• Material shown:
(* Let $n\ge 2$ and $b\ge 2$ be integers and $r\ge 0$. The probability that the base-$b$ carries chain for adding $n$ numbers, started at $\kappa_0=0$, is in state $j$ after $r$ steps equals the probability that a random permutation of $S_n$ with law $Q_{b^r}$ (the law of the permutation obtained by performing $r$ successive independent $b$-shuffles starting from the identity) has exactly $j$ descents. In formulas, for $0\le j\le n-1$, $$P_b^r(0,j)=\sum_{\sigma\in S_n:\ d(\sigma)=j} Q_{b^r}(\sigma).$$
   Context: For $\sigma\in S_n$, $\sigma$ has a descent at $i$ ($1\le i\le n-1$) if $\sigma(i+1)<\sigma(i)$; $d(\sigma)$ is the number of descents. Binomial convention: for integers $m$ and $n\ge0$, $\binom{m}{n}=\frac{m(m-1)\cdots(m-n+1)}{n!}$ if $m\ge n$ and $\binom{m}{n}=0$ if $m<n$ (including negative $m$). The $b$-shuffle measure on $S_n$ is $Q_b(\sigma)=\binom{n+b-d(\sigma^{-1})-1}{n}/b^n$ (this is the law of the permutation produced by one $b$-shuffle of the Gilbert–Shannon–Reeds type: cut into $b$ packets multinomially and riffle dropping cards with probability proportional to packet size). It is known that performing an $a$-shuffle followed by a $b$-shuffle gives the law $Q_{ab}$, so $r$ successive $b$-shuffles from the identity yield law $Q_{b^r}$. The base-$b$ carries chain for adding $n$ numbers is the Markov chain $\kappa_0=0,\kappa_1,\kappa_2,\dots$ on $\{0,1,\dots,n-1\}$ given by $\kappa_{t+1}=\lfloor(\kappa_t+X_{t+1,1}+\dots+X_{t+1,n})/b\rfloor$, where the $X_{t,k}$ are i.i.d. uniform on $\{0,1,\dots,b-1\}$ (the carries when $n$ random base-$b$ integers are added column by column). Its transition matrix is $P_b(i,j)=b^{-n}\sum_{l=0}^{j-\lfloor i/b\rfloor}(-1)^l\binom{n+1}{l}\binom{n-1-i+(j+1-l)b}{n}$, and $P_b^r$ denotes its $r$-step transition matrix. *)

theory Defs
  imports "HOL-Analysis.Analysis" "HOL-Combinatorics.Permutations"
begin

definition binom :: "int \<Rightarrow> nat \<Rightarrow> real" where
  "binom m k = (if m < int k then 0 else real (nat m choose k))"

definition descents :: "nat \<Rightarrow> (nat \<Rightarrow> nat) \<Rightarrow> nat" where
  "descents n \<sigma> = card {i \<in> {1..<n}. \<sigma> (i + 1) < \<sigma> i}"

definition shuffleQ :: "nat \<Rightarrow> nat \<Rightarrow> (nat \<Rightarrow> nat) \<Rightarrow> real" where
  "shuffleQ b n \<sigma> =
     binom (int n + int b - int (descents n (inv \<sigma>)) - 1) n / real b ^ n"

definition carriesP :: "nat \<Rightarrow> nat \<Rightarrow> nat \<Rightarrow> nat \<Rightarrow> real" where
  "carriesP b n i j =
     (\<Sum>l\<in>{0..int j - int (i div b)}.
        (-1) ^ nat l * binom (int (n + 1)) (nat l)
          * binom (int n - 1 - int i + (int j + 1 - l) * int b) n) / real b ^ n"

fun carriesPpow :: "nat \<Rightarrow> nat \<Rightarrow> nat \<Rightarrow> nat \<Rightarrow> nat \<Rightarrow> real" where
  "carriesPpow b n 0 i j = (if i = j then 1 else 0)"
| "carriesPpow b n (Suc r) i j = (\<Sum>k<n. carriesPpow b n r i k * carriesP b n k j)"

end

theory Submission
  imports Defs
begin

text \<open>
  Following Holte and Diaconis-Fulman,
  both sides are computed by counting words of length n over the alphabet 0..B-1, B = b^r:

  (1) The defining formula of the one-step matrix is an inclusion-exclusion count:
      b^n P_b(i,j) is the number of digit vectors w with (i + sum w) div b = j.  Splitting each
      letter below R*b into a low and a high digit gives the Chapman-Kolmogorov equation, so
      B^n P_b^r(0,j) is the number of words whose letter sum has quotient j by B.
  (2) Taking prefix sums modulo B is a bijection on words, turning the quotient of the total
      sum by B into the number of descents of the word.
  (3) Standardisation maps words to permutations preserving descents; the fibre over sigma
      consists, after relabelling by sigma, of the weakly increasing words that increase
      strictly at the descents of sigma^-1, and has binom(n+B-d(sigma^-1)-1, n) = B^n Q_B(sigma)
      elements by stars and bars.
  The theorem follows by summing (3) over the permutations with j descents and comparing
  with (1) via (2).
\<close>

section \<open>Binomial coefficients with integer upper argument\<close>

lemma binom_of_nat: "binom (int N) k = real (N choose k)"
  by (simp add: binom_def binomial_eq_0)

lemma binom_eq_0: "m < int k \<Longrightarrow> binom m k = 0"
  by (simp add: binom_def)

lemma binom_pascal: "binom (m + 1) (Suc k) = binom m (Suc k) + binom m k"
proof -
  consider "m \<ge> int k + 1" | "m = int k" | "m < int k" by linarith
  then show ?thesis
  proof cases
    case 1
    then have "nat (m + 1) = Suc (nat m)" "nat m \<ge> k + 1" by linarith+
    with 1 show ?thesis by (simp add: binom_def)
  next
    case 2
    then have "nat (m + 1) = Suc k" by simp
    with 2 show ?thesis by (simp add: binom_def)
  qed (simp add: binom_def)
qed
theorem proposition5:
  fixes G :: "'a::topological_space monoid"
    and actY :: "'a \<Rightarrow> 'y::topological_space \<Rightarrow> 'y"
    and actG :: "'a \<Rightarrow> 'g::topological_space \<Rightarrow> 'g"
    and Ym :: "'y measure" and Gm :: "'g measure"
    and f1 f0 :: "real \<Rightarrow> 'g \<Rightarrow> 'y \<Rightarrow> real"
    and F1 F0 fU :: "'g \<Rightarrow> 'y \<Rightarrow> real"
    and gpsi :: "real \<Rightarrow> 'a"
    and Jac :: "'a \<Rightarrow> 'y \<Rightarrow> real"
    and f :: "'g \<Rightarrow> real"
    and h :: "'l::euclidean_space \<Rightarrow> 'g \<Rightarrow> real"
    and Psi :: "real set" and Lam :: "'l set" and psis :: real
  assumes sfY: "sigma_finite_measure Ym" and sfG: "sigma_finite_measure Gm"
    \<comment> \<open>transformation model\<close>
    and grp: "group G"
    and actY_act: "group_action_on G (space Ym) actY"
    and actG_act: "group_action_on G (space Gm) actG"
    and actY_cont: "continuous_on (carrier G \<times> space Ym) (\<lambda>(g, y). actY g y)"
    and actG_cont: "continuous_on (carrier G \<times> space Gm) (\<lambda>(g, \<gamma>). actG g \<gamma>)"
    and actY_meas: "\<forall>g\<in>carrier G. actY g \<in> Ym \<rightarrow>\<^sub>M Ym"
    and actG_meas: "\<forall>g\<in>carrier G. actG g \<in> Gm \<rightarrow>\<^sub>M Gm"
    and F1_dens: "\<forall>\<gamma>\<in>space Gm. prob_density Ym (F1 \<gamma>) \<and> (\<forall>y\<in>space Ym. 0 < F1 \<gamma> y)"
    and F0_dens: "\<forall>\<gamma>\<in>space Gm. prob_density Ym (F0 \<gamma>) \<and> (\<forall>y\<in>space Ym. 0 < F0 \<gamma> y)"
    and F1_meas: "(\<lambda>z. F1 (fst z) (snd z)) \<in> borel_measurable (Gm \<Otimes>\<^sub>M Ym)"
    and F0_meas: "(\<lambda>z. F0 (fst z) (snd z)) \<in> borel_measurable (Gm \<Otimes>\<^sub>M Ym)"
    and F1_transf: "\<forall>g\<in>carrier G. \<forall>\<gamma>\<in>space Gm.
          distr (density Ym (\<lambda>y. ennreal (F1 \<gamma> y))) Ym (actY g)
            = density Ym (\<lambda>y. ennreal (F1 (actG g \<gamma>) y))"
    and F0_transf: "\<forall>g\<in>carrier G. \<forall>\<gamma>\<in>space Gm.
          distr (density Ym (\<lambda>y. ennreal (F0 \<gamma> y))) Ym (actY g)
            = density Ym (\<lambda>y. ennreal (F0 (actG g \<gamma>) y))"
    \<comment> \<open>parameter spaces, true mixing density f, assumed mixing model h\<close>
    and Psi: "open Psi" "convex Psi" "psis \<in> Psi"
    and Lam: "open Lam" "convex Lam"
    and f_dens: "prob_density Gm f"
    and h_dens: "\<forall>lam\<in>Lam. prob_density Gm (h lam)"
    \<comment> \<open>symmetric parametrization\<close>
    and gpsi_G: "\<forall>psi\<in>Psi. gpsi psi \<in> carrier G"
    and sym_par: "\<forall>psi\<in>Psi. \<forall>\<gamma>\<in>space Gm. \<forall>y\<in>space Ym.
          f1 psi \<gamma> y = F1 (actG (gpsi psi) \<gamma>) y \<and>
          f0 psi \<gamma> y = F0 (actG (inv\<^bsub>G\<^esub> (gpsi psi)) \<gamma>) y"
    and Jac: "\<forall>psi\<in>Psi. \<forall>g\<in>{gpsi psi, inv\<^bsub>G\<^esub> (gpsi psi)}.
          Jac g \<in> borel_measurable Ym \<and> (\<forall>u\<in>space Ym. 0 \<le> Jac g u) \<and>
          distr (density Ym (\<lambda>u. ennreal (Jac g u))) Ym (actY g) = Ym"
    and fU: "\<forall>psi\<in>Psi. \<forall>\<gamma>\<in>space Gm. \<forall>u\<in>space Ym.
          fU \<gamma> u = F1 (actG (gpsi psi) \<gamma>) (actY (gpsi psi) u) * Jac (gpsi psi) u \<and>
          fU \<gamma> u = F0 (actG (inv\<^bsub>G\<^esub> (gpsi psi)) \<gamma>) (actY (inv\<^bsub>G\<^esub> (gpsi psi)) u)
                      * Jac (inv\<^bsub>G\<^esub> (gpsi psi)) u"
    \<comment> \<open>antisymmetry of the conditional score, expressed in u1, u0\<close>
    and antisym: "\<forall>psi\<in>Psi. \<forall>\<gamma>\<in>space Gm. \<forall>u1\<in>space Ym. \<forall>u0\<in>space Ym.
          cond_score f1 f0 psi \<gamma> (actY (gpsi psi) u1) (actY (inv\<^bsub>G\<^esub> (gpsi psi)) u0)
            = - cond_score f1 f0 psi \<gamma> (actY (gpsi psi) u0) (actY (inv\<^bsub>G\<^esub> (gpsi psi)) u1)"
    \<comment> \<open>strict concavity of the log-likelihood contribution\<close>
    and concave: "\<forall>y1\<in>space Ym. \<forall>y0\<in>space Ym.
          strict_concave_on (Psi \<times> Lam) (\<lambda>(p, lam). pair_loglik f1 f0 Gm h p lam y1 y0)"
    \<comment> \<open>standing regularity: differentiability, integrability, differentiation under the integral\<close>
    and f_diff: "\<forall>psi\<in>Psi. \<forall>\<gamma>\<in>space Gm. \<forall>y\<in>space Ym.
          (\<lambda>p. f1 p \<gamma> y) differentiable (at psi) \<and> (\<lambda>p. f0 p \<gamma> y) differentiable (at psi)"
    and lik_int: "\<forall>psi\<in>Psi. \<forall>lam\<in>Lam. \<forall>y1\<in>space Ym. \<forall>y0\<in>space Ym.
          integrable Gm (\<lambda>\<gamma>. f1 psi \<gamma> y1 * f0 psi \<gamma> y0 * h lam \<gamma>)"
    and lik_deriv: "\<forall>psi\<in>Psi. \<forall>lam\<in>Lam. \<forall>y1\<in>space Ym. \<forall>y0\<in>space Ym.
          ((\<lambda>p. pair_lik f1 f0 Gm h p lam y1 y0) has_real_derivative
             (\<integral>\<gamma>. deriv (\<lambda>p. f1 p \<gamma> y1 * f0 p \<gamma> y0) psi * h lam \<gamma> \<partial>Gm)) (at psi)"
    and Em_int: "\<forall>psi\<in>Psi. \<forall>lam\<in>Lam.
          Em_integrable Ym (true_dens f1 f0 Gm f psis) (pair_loglik f1 f0 Gm h psi lam) \<and>
          Em_integrable Ym (true_dens f1 f0 Gm f psis) (dpsi (pair_loglik f1 f0 Gm h) psi lam) \<and>
          (\<forall>b\<in>Basis. Em_integrable Ym (true_dens f1 f0 Gm f psis) (dlam (pair_loglik f1 f0 Gm h) b psi lam))"
    and Em_mixed: "\<forall>lam\<in>Lam. \<forall>b\<in>Basis.
          ((\<lambda>t. Em Ym (true_dens f1 f0 Gm f psis) (dpsi (pair_loglik f1 f0 Gm h) psis (lam + t *\<^sub>R b)))
             has_real_derivative
             Em Ym (true_dens f1 f0 Gm f psis) (dlam (dpsi (pair_loglik f1 f0 Gm h)) b psis lam)) (at 0)"
  shows "m_orthogonal Ym (true_dens f1 f0 Gm f psis) (pair_loglik f1 f0 Gm h) psis Lam
     \<and> (\<forall>lam\<in>Lam.
          Em Ym (true_dens f1 f0 Gm f psis) (dpsi (pair_loglik f1 f0 Gm h) psis lam) = 0 \<and>
          (\<integral>y0. (\<integral>y1. dpsi (pair_loglik f1 f0 Gm h) psis lam y1 y0 * true_dens f1 f0 Gm f psis y1 y0 \<partial>Ym) \<partial>Ym) = 0)
     \<and> (\<forall>psi0\<in>Psi. \<forall>lam0\<in>Lam.
          solves_score Ym (true_dens f1 f0 Gm f psis) (pair_loglik f1 f0 Gm h) psi0 lam0 \<longrightarrow> psi0 = psis)"
proof -
  \<comment> \<open>Not needed: continuity of the actions, F1_transf, F0_transf, convexity of Psi and Lam,
    and the first and third parts of Em_int. The change of variables is supplied directly by
    fU and Jac, and convexity of Psi comes with strict concavity.\<close>
  interpret symmetric_matched_pairs G actY actG Ym Gm f1 f0 F1 F0 fU gpsi Jac f h Psi Lam psis
    using Em_int by (intro symmetric_matched_pairs.intro assms) blast
  have "psi0 = psis" if "psi0 \<in> Psi" "lam0 \<in> Lam" "solves_score Ym m ell psi0 lam0" for psi0 lam0
    using that Em_score_strict_antimono[OF that(1) psis_in_Psi] Em_score_strict_antimono[OF psis_in_Psi that(1)]
      Em_score_eq_0 by (metis linorder_neqE_linordered_idom less_irrefl solves_score_def)
  then show ?thesis
    using psis_m_orthogonal_Lam Em_score_eq_0 score_iterated_integral_eq_0 by blast
qed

• Task prompt: Produce exactly the lines from the one containing "Em_score_eq_0 by (metis" through the final line of the records above, both included, and no others.

• Answer:
      Em_score_eq_0 by (metis linorder_neqE_linordered_idom less_irrefl solves_score_def)
  then show ?thesis
    using psis_m_orthogonal_Lam Em_score_eq_0 score_iterated_integral_eq_0 by blast
qed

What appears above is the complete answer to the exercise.